Ce n’est pas tout, à Bruxelles la perte
d’influence de la France fait rage. La défense de sa filière viticole à la
Commission européenne passe aujourd’hui par des syndicats communautaires de
producteurs comme l’EFOW ou la CEEV. Bernard Farges y voit « une très mauvaise chose, car il y a un laisser-faire de la
France qui conduira à une perte de financement européen. Même si le négoce et
la production s’organisent autrement ». Avec, en plus, la perte du
fonds viticole alloué à la filière, les petites régions viticoles comme
Bergerac n’auront plus les moyens de promouvoir leurs vins. « Cette perte va nous enlever la
capacité de piloter les aides en leur faveur », déplore le président
de la Cnaoc. « Une partie de ces
fonds était utilisée aussi pour la recherche. Il faudra mutualiser les moyens
avec l’IFV. »
Mutualiser, le mot est encore lancé.
Pourquoi ne pas tout regrouper sous le même organisme ? Un choc de
simplicité, comme disent certains, pour gagner en visibilité et en efficacité.
Dans un seul organisme commun plus léger avec des représentations pour chaque
métier. D’autant qu’avec la baisse des dotations de l’État, le fromage se
réduit. Même si certaines régions prendront le relais comme Midi-Pyrénées avec
le lancement d'un nouveau plan de soutient régional de 8 M€ sur trois ans.

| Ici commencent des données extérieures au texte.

lemma norm_mpow_entry_le: "norm (mpow M k $ i $ j) \<le> entry_norm M ^ k"
proof (induction k arbitrary: i j)
  case 0
  show ?case by (simp add: mat_def)
next
  case (Suc k)
  have row: "(\<Sum>l\<in>UNIV. norm (M $ i $ l)) \<le> entry_norm M"
    unfolding entry_norm_def
    by (rule member_le_sum[where f = "\<lambda>i. \<Sum>l\<in>UNIV. norm (M $ i $ l)"]) (auto intro: sum_nonneg)
  have "norm (mpow M (Suc k) $ i $ j) \<le> (\<Sum>l\<in>UNIV. norm (M $ i $ l) * entry_norm M ^ k)"
    unfolding mpow.simps matrix_matrix_mult_def vec_lambda_beta
    by (rule order_trans[OF norm_sum sum_mono]) (simp add: norm_mult Suc mult_left_mono)
  also have "\<dots> \<le> entry_norm M * entry_norm M ^ k"
    unfolding sum_distrib_right[symmetric]
    by (intro mult_right_mono row) (simp add: entry_norm_def sum_nonneg)
  finally show ?case by simp
qed

lemma norm_vec_le_sum: "norm x \<le> (\<Sum>i\<in>UNIV. norm (x $ i))"
  by (simp add: norm_vec_def L2_set_le_sum)

lemma norm_mpow_le: "norm (mpow M k) \<le> CARD('n) ^ 2 * entry_norm (M :: complex^'n^'n) ^ k"
proof -
  have "norm (mpow M k) \<le> (\<Sum>i\<in>UNIV. \<Sum>j\<in>UNIV. norm (mpow M k $ i $ j))"
    by (rule order_trans[OF norm_vec_le_sum sum_mono[OF norm_vec_le_sum]])
  also have "\<dots> \<le> (\<Sum>i\<in>(UNIV::'n set). \<Sum>j\<in>(UNIV::'n set). entry_norm M ^ k)"
    by (intro sum_mono norm_mpow_entry_le)
  finally show ?thesis by (simp add: power2_eq_square)
qed

lemma mexp_sums: "(\<lambda>k. (1 / fact k) *\<^sub>R mpow M k) sums mexp M"
  for M :: "complex^'n^'n"
proof -
  have "summable (\<lambda>k. (1 / fact k) *\<^sub>R mpow M k)"
  proof (rule summable_comparison_test')
    show "summable (\<lambda>k. CARD('n) ^ 2 * (entry_norm M ^ k /\<^sub>R fact k))"
      by (intro summable_mult summable_exp_generic)
    show "norm ((1 / fact k) *\<^sub>R mpow M k) \<le> CARD('n) ^ 2 * (entry_norm M ^ k /\<^sub>R fact k)" for k
      using norm_mpow_le[of M k] by (simp add: divide_simps mult.commute)
  qed
  then show ?thesis
    by (simp add: mexp_def summable_sums flip: mscale_of_real)
qed

lemma bounded_linear_matrix_vector_mult_left: "bounded_linear (\<lambda>A :: complex^'n^'m. A *v x)"
  by (rule linear_conv_bounded_linear[THEN iffD1], rule linearI)
    (simp_all add: matrix_vector_mult_def vec_eq_iff sum.distrib sum_distrib_left distrib_right
      scaleR_conv_of_real[where 'a = complex] mult.assoc)

lemma scaleR_matrix_vector_assoc: "(c *\<^sub>R A) *v x = c *\<^sub>R (A *v x)"
  for A :: "complex^'n^'m"
  using linear_cmul[OF bounded_linear.linear[OF bounded_linear_matrix_vector_mult_left]] .

lemma mexp_mult_vector_sums:
  "(\<lambda>k. (1 / fact k) *\<^sub>R (mpow M k *v x)) sums (mexp M *v x)"
  for M :: "complex^'n^'n"
  using bounded_linear.sums[OF bounded_linear_matrix_vector_mult_left[of x] mexp_sums[of M]]
  by (simp add: scaleR_matrix_vector_assoc)

lemma mexp_mult_vector_eqI:
  "(\<And>k. mpow M k *v x = mpow N k *v x) \<Longrightarrow> mexp M *v x = mexp N *v x"
  for M N :: "complex^'n^'n"
  using mexp_mult_vector_sums[of M x] by (simp add: sums_unique2[OF _ mexp_mult_vector_sums])

lemma mexp_entry_sums:
  "(\<lambda>k. a ^ k /\<^sub>R fact k * mpow P k $ i $ j) sums (mexp (mscale a P) $ i $ j)"
  for P :: "complex^'n^'n"
proof -
  have "bounded_linear (\<lambda>A :: complex^'n^'n. A $ i $ j)"
    using bounded_linear_compose[OF bounded_linear_vec_nth[of j] bounded_linear_vec_nth[of i]] by simp
  note bounded_linear.sums[OF this mexp_sums[of "mscale a P"]]
  moreover have "((1 / fact k) *\<^sub>R mpow (mscale a P) k) $ i $ j = a ^ k /\<^sub>R fact k * mpow P k $ i $ j"
    for k
    by (simp only: mpow_mscale) (simp add: mscale_def scaleR_conv_of_real[where 'a = complex] field_simps)
  ultimately show ?thesis by simp
qed

lemma summable_norm_mexp_entry:
  "summable (\<lambda>k. norm (a ^ k /\<^sub>R fact k * mpow P k $ i $ j))"
  for P :: "complex^'n^'n"
proof (rule summable_comparison_test')
  show "summable (\<lambda>k. (norm a * entry_norm P) ^ k /\<^sub>R fact k)"
    by (rule summable_exp_generic)
  show "norm (norm (a ^ k /\<^sub>R fact k * mpow P k $ i $ j)) \<le> (norm a * entry_norm P) ^ k /\<^sub>R fact k"
    for k
    using norm_mpow_entry_le[of P k i j]
    by (simp add: norm_mult norm_power power_mult_distrib divide_right_mono mult_left_mono)
qed

lemma mexp_mscale_add: "mexp (mscale a P) ** mexp (mscale b P) = mexp (mscale (a + b) P)"
  for P :: "complex^'n^'n"
proof -
  have "(mexp (mscale a P) ** mexp (mscale b P)) $ i $ j = mexp (mscale (a + b) P) $ i $ j" for i j
  proof -
    define \<alpha> where "\<alpha> l k = a ^ k /\<^sub>R fact k * mpow P k $ i $ l" for l k
    define \<beta> where "\<beta> l k = b ^ k /\<^sub>R fact k * mpow P k $ l $ j" for l k
    have "(\<lambda>k. \<Sum>p\<le>k. \<alpha> l p * \<beta> l (k - p)) sums (mexp (mscale a P) $ i $ l * mexp (mscale b P) $ l $ j)"
      for l
      using Cauchy_product_sums[OF summable_norm_mexp_entry summable_norm_mexp_entry]
      unfolding \<alpha>_def \<beta>_def sums_unique[OF mexp_entry_sums, symmetric] .
    then have "(\<lambda>k. \<Sum>l\<in>UNIV. \<Sum>p\<le>k. \<alpha> l p * \<beta> l (k - p)) sums
        (mexp (mscale a P) ** mexp (mscale b P)) $ i $ j"
      unfolding matrix_matrix_mult_def vec_lambda_beta by (rule sums_sum)
    moreover have "(\<Sum>l\<in>UNIV. \<Sum>p\<le>k. \<alpha> l p * \<beta> l (k - p)) = (a + b) ^ k /\<^sub>R fact k * mpow P k $ i $ j"
      for k
    proof -
      have "(\<Sum>l\<in>UNIV. \<Sum>p\<le>k. \<alpha> l p * \<beta> l (k - p))
          = (\<Sum>p\<le>k. a ^ p /\<^sub>R fact p * (b ^ (k - p) /\<^sub>R fact (k - p)) * (mpow P p ** mpow P (k - p)) $ i $ j)"
        unfolding \<alpha>_def \<beta>_def matrix_matrix_mult_def vec_lambda_beta sum_distrib_left
        by (subst sum.swap) (simp add: mult_ac)
      also have "\<dots> = (\<Sum>p\<le>k. a ^ p /\<^sub>R fact p * (b ^ (k - p) /\<^sub>R fact (k - p))) * mpow P k $ i $ j"
        by (simp add: sum_distrib_right flip: mpow_add)
      finally show ?thesis
        using exp_series_add_commuting[of a b k] by (simp add: mult.commute)
    qed
    ultimately show ?thesis
      using sums_unique2[OF _ mexp_entry_sums] by simp
  qed
  then show ?thesis by (simp add: vec_eq_iff)
qed

lemma mexp_mscale_0: "mexp (mscale 0 P) = mat 1"
  for P :: "complex^'n^'n"
proof -
  have "(\<lambda>k. (1 / fact k) *\<^sub>R mpow (mscale 0 P) k) = (\<lambda>k. if k = 0 then mat 1 else 0)"
    by (simp only: mpow_mscale) (auto simp: mscale_def vec_eq_iff)
  with mexp_sums[of "mscale 0 P"] show ?thesis
    using sums_unique2 sums_single[of 0 "\<lambda>_. mat 1 :: complex^'n^'n"] by fastforce
qed

lemma mexp_mscale_inverse: "mexp (mscale a P) *v (mexp (mscale (- a) P) *v x) = x"
  for P :: "complex^'n^'n"
  by (simp add: matrix_vector_mul_assoc mexp_mscale_add mexp_mscale_0)

section \<open>Real vectors and real matrices\<close>

definition Im_vec :: "complex^'n \<Rightarrow> complex^'n" where
  "Im_vec v = (\<chi> i. complex_of_real (Im (v $ i)))"

lemma bounded_linear_Im_vec: "bounded_linear Im_vec"
  by (rule linear_conv_bounded_linear[THEN iffD1], rule linearI)
    (simp_all add: Im_vec_def vec_eq_iff scaleR_conv_of_real[where 'a = complex])

lemma realphase_iff_Im_vec_eq_0: "x \<in> realphase \<longleftrightarrow> Im_vec x = 0"
  by (simp add: realphase_def Im_vec_def vec_eq_iff)

lemma ImM_mult_vector: "x \<in> realphase \<Longrightarrow> ImM M *v x = Im_vec (M *v x)"
  by (auto simp: realphase_def ImM_def Im_vec_def matrix_vector_mult_def vec_eq_iff Im_sum
      intro!: sum.cong simp: complex_eq_iff)

lemma Im_vec_i_smult_diff: "w \<in> realphase \<Longrightarrow> u \<in> realphase \<Longrightarrow> Im_vec (\<i> *s w - u) = w"
  by (simp add: Im_vec_def realphase_def vec_eq_iff complex_eq_iff)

Les acteurs de la rue Sainte-Anne devraient prendre pour modèle la gouvernance
de V & S qui se passe mieux qu’au début. Le chiffon rouge de L’ANPAA (17)
n’y est pas pour rien.
Le juge de paix dans tout cela, semble être
le Conseil spécialisé viticole de FranceAgrimer. De l’avis de Jerôme Despey,
son président, « Vouloir imposer un
schéma unique de gouvernance et modéliser ce schéma unique pour toutes les
régions conduit à une impasse. Sur la base de ce constat, j'avais proposé une
démarche pragmatique autour d'une gestion sur le plan national des vins sans
indication géographique autour d’une seule et unique interprofession ayant
compétence sur tout le territoire national et une gestion et un pilotage d’un
projet économique cohérent dans les bassins viticoles autour d’un minimum
d’interprofessions mixtes AOP/IGP. Je n'ai pas changé de position et je note
que le plan stratégique de la filière reprend quatre mesures qui vont dans ce
sens. Des organisations nombreuses oui, mais qui savent se coordonner et parler
d'une seule voix. »
Alors, parlez-vous l’Igpaopvsig désormais ?
En attendant, sur le même trottoir de la rue Sainte-Anne, veille la caserne de
pompiers du quartier. Au cas où il faudrait diluer un peu plus tout cela.